Kits for making hard cider that are available online generally include basic essentials such as a fermenter and airlock but beginners quickly outgrow these setups. For someone looking to make a decent size batch and have more control over their homemade cider, they need to start with the right equipment. The best part is, it doesn’t cost much more than some of the basic cider starter kits.
The 4 pieces of equipment below are everything you need to get started making cider in 5-gallon batches and will allow you to grow without spending a ton of money. This equipment can also be used for brewing beer or making wine and mead.
Home Cider Making’s Starter Setup
5 – 6.5 Gallon Fermenter
A 5 gallon fermenter will allow you to experiment with different size batches and gives you room to grow. Many kits come with a one-gallon carboy that will quickly be outgrown and leave you waiting to make your next batch. Going with a larger fermenter allows you to make a one-gallon test batch or a 5 gallon batch or anything in between.
Fermenting cider with a lot of extra room (headspace) in the fermenter is not a problem as that space will be filled with CO2 as fermentation begins. So going with a bigger fermenter is not an issue.
However, you will want to transfer the fermented cider into a container with minimal headspace after active fermentation has stopped to limit oxygen exposure. This can be a smaller bucket for if you choose to bulk age the cider or straight to bottles.
My fermenter of choice is an Ale Pale that is made from food-safe plastic. Because the lid of the bucket comes off, it is easy to clean, unlike glass carboys. The plastic fermenter is also much cheaper, lighter than glass and won’t break.
Having a second bucket on hand, or a stockpot large enough to hold your batch is also convenient for aging or preparing to bottle.
An airlock is a very simple device that keeps the good in and the bad out. There are two different types and both work great. The first is an S lock and the second is called a three-piece airlock. Both airlocks allow CO2 to escape from the fermenter while keeping bacteria, mold, and bugs out of your precious batch of cider.
Some guides online suggest using many different substitutes such as cheesecloth or even balloons. For just a couple of bucks, play it safe and get a proper airlock and protect your expensive cider from contamination.
Most beginner hard cider kits will not include a very important tool, the hydrometer. I suspect this is to make the kit cheaper but without a hydrometer, the cider maker will have no idea how their cider is fermenting or the expected ABV.
A hydrometer is pretty cheap and it allows you to gather real data about your fermentation so you can make better cider. It’s definitely worth it.

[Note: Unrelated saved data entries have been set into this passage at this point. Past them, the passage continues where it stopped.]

(* Fix $0<d<1$ and let $c(x)=x^d$. For every positive integer $h$ there exists a game with $n=h^2+h$ jobs and cost function $c$, and a Nash equilibrium $s$ of that game, such that $\frac{C(s)}{C(s^* )}=\Omega\!\left(h^{1-d}\right)=\Omega\!\left(n^{(1-d)/2}\right)$, where $s^*$ is an optimal assignment of that game.
   Context: A game is specified by a cost function $c$ (here $c(x)=x^d$, $c(0)=0$), a time horizon $T$ with slots $t=1,\dots,T$, and a set of jobs, each job $j$ having integer release time $r_j$ and integer deadline $d_j$ with $0<r_j<d_j<T$. An assignment $s$ gives each job $j$ a slot $s_j$ with $r_j\le s_j<d_j$. The load of slot $t$ is $l_t(s)=|\{j:s_j=t\}|$ and $C(s)=\sum_{t=1}^T c(l_t(s))$. An assignment $s$ is a Nash equilibrium if for every job $j$ and every slot $t\neq s_j$ with $r_j\le t<d_j$: $\frac{c(l_{s_j}(s))}{l_{s_j}(s)}\le\frac{c(l_t(s)+1)}{l_t(s)+1}$. An optimal assignment is one minimizing $C$ over all assignments. *)

theory Defs
  imports Complex_Main
begin

definition cst :: "real \<Rightarrow> nat \<Rightarrow> real" where
  "cst d x = (if x = 0 then 0 else (real x) powr d)"

definition valid_game :: "nat \<Rightarrow> nat \<Rightarrow> (nat \<Rightarrow> nat) \<Rightarrow> (nat \<Rightarrow> nat) \<Rightarrow> bool" where
  "valid_game T n r dl = (\<forall>j<n. 0 < r j \<and> r j < dl j \<and> dl j < T)"

definition is_assignment :: "nat \<Rightarrow> (nat \<Rightarrow> nat) \<Rightarrow> (nat \<Rightarrow> nat) \<Rightarrow> (nat \<Rightarrow> nat) \<Rightarrow> bool" where
  "is_assignment n r dl s = (\<forall>j<n. r j \<le> s j \<and> s j < dl j)"

definition load :: "nat \<Rightarrow> (nat \<Rightarrow> nat) \<Rightarrow> nat \<Rightarrow> nat" where
  "load n s t = card {j. j < n \<and> s j = t}"

definition total_cost :: "real \<Rightarrow> nat \<Rightarrow> nat \<Rightarrow> (nat \<Rightarrow> nat) \<Rightarrow> real" where
  "total_cost d T n s = (\<Sum>t = 1..T. cst d (load n s t))"

definition is_nash :: "real \<Rightarrow> nat \<Rightarrow> (nat \<Rightarrow> nat) \<Rightarrow> (nat \<Rightarrow> nat) \<Rightarrow> (nat \<Rightarrow> nat) \<Rightarrow> bool" where
  "is_nash d n r dl s = (is_assignment n r dl s \<and>
     (\<forall>j<n. \<forall>t. t \<noteq> s j \<and> r j \<le> t \<and> t < dl j \<longrightarrow>
        cst d (load n s (s j)) / real (load n s (s j))
          \<le> cst d (load n s t + 1) / real (load n s t + 1)))"

definition is_optimal :: "real \<Rightarrow> nat \<Rightarrow> nat \<Rightarrow> (nat \<Rightarrow> nat) \<Rightarrow> (nat \<Rightarrow> nat) \<Rightarrow> (nat \<Rightarrow> nat) \<Rightarrow> bool" where
  "is_optimal d T n r dl s = (is_assignment n r dl s \<and>
     (\<forall>s'. is_assignment n r dl s' \<longrightarrow> total_cost d T n s \<le> total_cost d T n s'))"

end

theory Submission
  imports Defs
begin

text \<open>Split the jobs into blocks: block \<open>k\<close> (for \<open>1 \<le> k \<le> h\<close>) consists of \<open>2k\<close> jobs that
  may use the slots \<open>1, \<dots>, k + 1\<close>. Putting each block on its last slot is a Nash equilibrium,
  because slot \<open>t \<le> k\<close> carries only \<open>2(t - 1) < 2k\<close> jobs and the per-job cost \<open>x\<^sup>d / x\<close>
  decreases in \<open>x\<close>. Every slot of this equilibrium carries at most \<open>2h\<close> jobs, so its cost
  is at least \<open>n (2h)\<^bsup>d-1\<^esup>\<close>, whereas putting all \<open>n = h\<^sup>2 + h\<close> jobs on slot 1 costs only
  \<open>n\<^sup>d\<close>, which is optimal by concavity. The ratio is
  \<open>(2h)\<^bsup>d-1\<^esup> n\<^bsup>1-d\<^esup> \<ge> 2\<^bsup>d-1\<^esup> h\<^bsup>1-d\<^esup>\<close>.\<close>

lemma cst_div_eq: "0 < l \<Longrightarrow> cst d l / real l = real l powr (d - 1)"
  by (simp add: cst_def powr_diff)

lemma cst_div_antimono:
  assumes "d \<le> 1" "0 < l" "l \<le> l'"
  shows "cst d l' / real l' \<le> cst d l / real l"
  using assms by (simp add: cst_div_eq powr_mono2')

lemma cst_ge_linear:
  assumes "d \<le> 1" "l \<le> M" "0 < M"
  shows "real M powr (d - 1) * real l \<le> cst d l"
proof (cases "l = 0")
  case False
  then have "real M powr (d - 1) * real l \<le> cst d l / real l * real l"
    using assms by (intro mult_right_mono) (simp_all add: cst_div_eq powr_mono2')
  then show ?thesis using False by simp
qed (simp add: cst_def)

lemma load_le: "load n s t \<le> n"
  unfolding load_def by (rule order.trans[OF card_mono[of "{..<n}"]]) auto

lemma load_eq_0_iff: "load n s t = 0 \<longleftrightarrow> (\<forall>j<n. s j \<noteq> t)"
  by (auto simp: load_def)

lemma sum_load:
  assumes "\<forall>j<n. s j \<in> A" "finite A"
  shows "(\<Sum>t\<in>A. load n s t) = n"
proof -
  have "(\<Sum>t\<in>A. load n s t) = card (\<Union>t\<in>A. {j. j < n \<and> s j = t})"
    unfolding load_def by (rule card_UN_disjoint[symmetric]) (auto simp: assms)
  also have "(\<Union>t\<in>A. {j. j < n \<and> s j = t}) = {..<n}" using assms by auto
  finally show ?thesis by simp
qed

lemma assignment_in_horizon:
  assumes "valid_game T n r dl" "is_assignment n r dl s" "j < n"
  shows "s j \<in> {1..T}"
proof -
  have "0 < r j" "r j \<le> s j" "s j < dl j" "dl j < T"
    using assms unfolding valid_game_def is_assignment_def by auto
  then show ?thesis by simp
qed

lemma total_cost_ge:
  assumes "d \<le> 1" "\<forall>j<n. s j \<in> {1..T}" "\<forall>j<n. load n s (s j) \<le> M" "0 < M"
  shows "real M powr (d - 1) * real n \<le> total_cost d T n s"
proof -
  have "real M powr (d - 1) * real (load n s t) \<le> cst d (load n s t)" for t
  proof (cases "load n s t = 0")
    case False
    then obtain j where "j < n" "s j = t" by (auto simp: load_eq_0_iff)
    then show ?thesis using assms cst_ge_linear by auto
  qed (simp add: cst_def)
  then have "(\<Sum>t=1..T. real M powr (d - 1) * real (load n s t)) \<le> total_cost d T n s"
    unfolding total_cost_def by (intro sum_mono)
  moreover have "(\<Sum>t=1..T. real (load n s t)) = real n"
    using sum_load[OF assms(2)] by (metis finite_atLeastAtMost of_nat_sum)
  ultimately show ?thesis by (simp add: sum_distrib_left[symmetric])
qed

lemma total_cost_ge_cst:
  assumes "d \<le> 1" "\<forall>j<n. s j \<in> {1..T}"
  shows "cst d n \<le> total_cost d T n s"
proof (cases "n = 0")
  case True
  then have "load n s t = 0" for t by (simp add: load_eq_0_iff)
  then show ?thesis using True by (simp add: total_cost_def cst_def)
next
  case False
  then have "real n powr (d - 1) * real n \<le> total_cost d T n s"
    using assms load_le by (intro total_cost_ge) auto
  then show ?thesis using False by (simp add: cst_def powr_diff)
qed

lemma total_cost_const:
  assumes "t\<^sub>0 \<in> {1..T}"
  shows "total_cost d T n (\<lambda>_. t\<^sub>0) = cst d n"
proof -
  have "total_cost d T n (\<lambda>_. t\<^sub>0) = (\<Sum>t\<in>{1..T}. if t = t\<^sub>0 then cst d n else 0)"
    unfolding total_cost_def load_def by (intro sum.cong) (auto simp: cst_def)
  also have "\<dots> = cst d n" using assms by simp
  finally show ?thesis .
qed

lemma const_assignment_is_optimal:
  assumes "d \<le> 1" "valid_game T n r dl" "is_assignment n r dl (\<lambda>_. t\<^sub>0)"
  shows "is_optimal d T n r dl (\<lambda>_. t\<^sub>0)"
proof (cases "n = 0")
  case True
  then show ?thesis using assms(3)
    by (auto simp: is_optimal_def total_cost_def load_def)
next
  case False
  then have "t\<^sub>0 \<in> {1..T}" using assignment_in_horizon[OF assms(2,3)] by blast
  moreover have "cst d n \<le> total_cost d T n s'" if "is_assignment n r dl s'" for s'
    using assms(1) assignment_in_horizon[OF assms(2) that] by (intro total_cost_ge_cst) auto
  ultimately show ?thesis using assms(3) by (simp add: is_optimal_def total_cost_const)
qed

definition block :: "nat \<Rightarrow> nat" where
  "block j = (LEAST k. j < k * (k + 1))"

lemma block_bounds: "j < block j * (block j + 1)" "1 \<le> block j"
proof -
  show upper: "j < block j * (block j + 1)"
    unfolding block_def by (rule LeastI[of _ "j + 1"]) simp
  then show "1 \<le> block j" by (cases "block j") auto
qed

lemma block_le_iff: "block j \<le> h \<longleftrightarrow> j < h * (h + 1)"
proof
  assume "block j \<le> h"
  then have "block j * (block j + 1) \<le> h * (h + 1)" by (intro mult_le_mono) auto
  then show "j < h * (h + 1)" using block_bounds(1)[of j] by linarith
qed (simp add: block_def Least_le)

lemma block_eq_iff:
  assumes "1 \<le> k"
  shows "block j = k \<longleftrightarrow> (k - 1) * k \<le> j \<and> j < k * (k + 1)"
proof -
  have "k - 1 + 1 = k" using assms by simp
  then have "block j \<le> k - 1 \<longleftrightarrow> j < (k - 1) * k" using block_le_iff[of j "k - 1"] by simp
  then show ?thesis using block_le_iff[of j k] by linarith
qed

lemma card_block: "1 \<le> k \<Longrightarrow> card {j. block j = k} = 2 * k"
proof -
  assume k: "1 \<le> k"
  have "{j. block j = k} = {(k - 1) * k..<k * (k + 1)}"
    using block_eq_iff[OF k] by (simp only: set_eq_iff mem_Collect_eq atLeastLessThan_iff simp_thms)
  then have "card {j. block j = k} = k * (k + 1) - (k - 1) * k" by (simp only: card_atLeastLessThan)
  also have "\<dots> = 2 * k" using k by (cases k) simp_all
  finally show ?thesis .
qed

definition staircase :: "nat \<Rightarrow> nat" where
  "staircase j = block j + 1"

lemma load_staircase:
  assumes "n = h * (h + 1)"
  shows "load n staircase t = (if 2 \<le> t \<and> t \<le> h + 1 then 2 * (t - 1) else 0)"
proof (cases "2 \<le> t \<and> t \<le> h + 1")
  case True
  then have "{j. j < n \<and> staircase j = t} = {j. block j = t - 1}"
    using assms block_le_iff by (force simp: staircase_def)
  moreover have "1 \<le> t - 1" using True by arith
  ultimately show ?thesis using True card_block[of "t - 1"] by (simp add: load_def)
next
  case False
  have "staircase j \<noteq> t" if "j < n" for j
    using False block_bounds(2)[of j] block_le_iff[of j h] that assms by (auto simp: staircase_def)
  then show ?thesis unfolding if_not_P[OF False] by (simp add: load_eq_0_iff)
qed

lemma load_staircase_own:
  assumes "n = h * (h + 1)" "j < n"
  shows "load n staircase (staircase j) = 2 * block j"
proof -
  have "block j \<le> h" using assms block_le_iff by simp
  then show ?thesis
    using block_bounds(2)[of j] unfolding load_staircase[OF assms(1)] by (simp add: staircase_def)
qed

lemma staircase_valid_game: "valid_game (h + 3) (h * (h + 1)) (\<lambda>_. 1) (\<lambda>j. block j + 2)"
  unfolding valid_game_def
proof (intro allI impI)
  fix j assume "j < h * (h + 1)"
  then have "block j \<le> h" by (simp add: block_le_iff)
  then show "(0::nat) < 1 \<and> 1 < block j + 2 \<and> block j + 2 < h + 3" by simp
qed

lemma staircase_is_nash:
  assumes "d \<le> 1" "n = h * (h + 1)"
  shows "is_nash d n (\<lambda>_. 1) (\<lambda>j. block j + 2) staircase"
  unfolding is_nash_def is_assignment_def
proof (intro conjI allI impI)
  fix j t assume j: "j < n" and t: "t \<noteq> staircase j \<and> 1 \<le> t \<and> t < block j + 2"
  have "t \<le> block j" using t by (simp add: staircase_def)
  moreover have "load n staircase t \<le> 2 * (t - 1)" unfolding load_staircase[OF assms(2)] by simp
  ultimately have "load n staircase t + 1 \<le> 2 * block j" using t by arith
  then have "cst d (2 * block j) / real (2 * block j)
      \<le> cst d (load n staircase t + 1) / real (load n staircase t + 1)"
    by (intro cst_div_antimono[OF assms(1)]) simp_all
  then show "cst d (load n staircase (staircase j)) / real (load n staircase (staircase j))
      \<le> cst d (load n staircase t + 1) / real (load n staircase t + 1)"
    unfolding load_staircase_own[OF assms(2) j] .
qed (simp_all add: staircase_def)

lemma staircase_total_cost_ge:
  assumes "d \<le> 1" "1 \<le> h" "n = h * (h + 1)"
  shows "real (2 * h) powr (d - 1) * real n \<le> total_cost d (h + 3) n staircase"
proof (rule total_cost_ge[OF assms(1)])
  have block_le: "block j \<le> h" if "j < n" for j using that assms(3) by (simp add: block_le_iff)
  show "\<forall>j<n. staircase j \<in> {1..h + 3}" by (auto simp: staircase_def dest: block_le)
  show "\<forall>j<n. load n staircase (staircase j) \<le> 2 * h"
    by (auto simp: load_staircase_own[OF assms(3)] dest: block_le)
qed (use assms(2) in simp)

lemma ratio_bound:
  fixes d N :: real
  assumes "d \<le> 1" "1 \<le> h" "real h ^ 2 \<le> N"
  shows "2 powr (d - 1) * real h powr (1 - d) \<le> real (2 * h) powr (d - 1) * N / N powr d"
proof -
  have h: "1 \<le> real h" using assms(2) by simp
  then have N: "0 < N" using assms(3) one_le_power[of "real h" 2] by linarith
  have "real h ^ 2 = real h powr 2" using h by (simp add: powr_numeral)
  then have "(real h ^ 2) powr (1 - d) = real h powr (2 * (1 - d))" by (simp only: powr_powr)
  then have "real h powr (1 - d) = real h powr (d - 1) * (real h ^ 2) powr (1 - d)"
    using h by (simp add: powr_add[symmetric])
  also have "\<dots> \<le> real h powr (d - 1) * N powr (1 - d)"
    using assms by (intro mult_left_mono powr_mono2) auto
  also have "\<dots> = real h powr (d - 1) * (N / N powr d)"
    using N by (simp add: powr_diff)
  finally have "2 powr (d - 1) * real h powr (1 - d)
      \<le> 2 powr (d - 1) * (real h powr (d - 1) * (N / N powr d))"
    by (rule mult_left_mono) simp
  also have "\<dots> = real (2 * h) powr (d - 1) * N / N powr d"
    by (simp add: powr_mult)
  finally show ?thesis .
qed

theorem lemma2:
  fixes d :: real
  assumes "0 < d" and "d < 1"
  shows "\<exists>K > 0. \<forall>h :: nat. h \<ge> 1 \<longrightarrow>
    (\<exists>T r dl s sopt. valid_game T (h^2 + h) r dl
       \<and> is_nash d (h^2 + h) r dl s
       \<and> is_optimal d T (h^2 + h) r dl sopt
       \<and> total_cost d T (h^2 + h) s / total_cost d T (h^2 + h) sopt
           \<ge> K * real h powr (1 - d))"
proof (intro exI[of _ "2 powr (d - 1)"] conjI allI impI)
  fix h :: nat assume h: "1 \<le> h"
  define n where "n = h^2 + h"
  have n: "n = h * (h + 1)" unfolding n_def by (simp add: power2_eq_square algebra_simps)
  let ?r = "\<lambda>_. 1" and ?dl = "\<lambda>j. block j + 2"
  have game: "valid_game (h + 3) n ?r ?dl" using staircase_valid_game n by simp
  have nash: "is_nash d n ?r ?dl staircase" using staircase_is_nash assms n by simp
  have opt: "is_optimal d (h + 3) n ?r ?dl (\<lambda>_. 1)"
    using game assms by (intro const_assignment_is_optimal) (auto simp: is_assignment_def)
  have opt_cost: "total_cost d (h + 3) n (\<lambda>_. 1) = real n powr d"
    using h n by (simp add: total_cost_const cst_def)
  have "2 powr (d - 1) * real h powr (1 - d) \<le> real (2 * h) powr (d - 1) * real n / real n powr d"
    using assms h by (intro ratio_bound) (simp_all add: n_def)
  also have "\<dots> \<le> total_cost d (h + 3) n staircase / total_cost d (h + 3) n (\<lambda>_. 1)"
    unfolding opt_cost using staircase_total_cost_ge[OF _ h n] assms
    by (intro divide_right_mono) auto
  finally show "\<exists>T r dl s sopt. valid_game T (h^2 + h) r dl
       \<and> is_nash d (h^2 + h) r dl s
       \<and> is_optimal d T (h^2 + h) r dl sopt
       \<and> total_cost d T (h^2 + h) s / total_cost d T (h^2 + h) sopt
           \<ge> 2 powr (d - 1) * real h powr (1 - d)"
    using game nash opt unfolding n_def by blast
qed simp

end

Once your cider is finished fermenting, it will need to be taken off of the lees, or yeast. Using a siphon to transfer the hard cider into a clean fermenter for aging or to bottles allows you to leave the sediment behind. This makes it easier for the hard cider to clear and reduces the chance of oxidation that can happen when the cider is poured.
I like to use an auto siphon that is extremely easy to use. Simply give it a couple of pumps and the cider will be flowing.
Bottles and Capper
Bottling finished cider is a simple and low cost method to preserve and carbonate your cider (compared to kegging). Finished cider needs to be stored in an air free environment to prevent oxidation and the vessel must withstand pressure if you wish to carbonate.
When I began, I reused clean and sanitized beer bottles (pry off cap style only) and would recap them using a capper and new crown caps.
Flip top bottles are also great for bottling cider and do not require a capping tool. Just fill with cider, flip the top and they are ready for storage. These bottles can be hard to find used but luckily most home brewing shops carry them and they are also readily available online.
Don’t forget about sanitation!
Although homebrewing cleaners and sanitizers and not technically a piece of equipment per say, they are just as important. Anything that will be used in the fermentation of cider will need to be properly cleaned and sanitized to limit the risk of infections.
For a detailed guide on cleaning and sanitizing brewing equipment, check out this post.
And that’s it!
For a simple cider making kit, this is all you need to get started. You can always add more in the future as you take on new challenges in your cider making journey!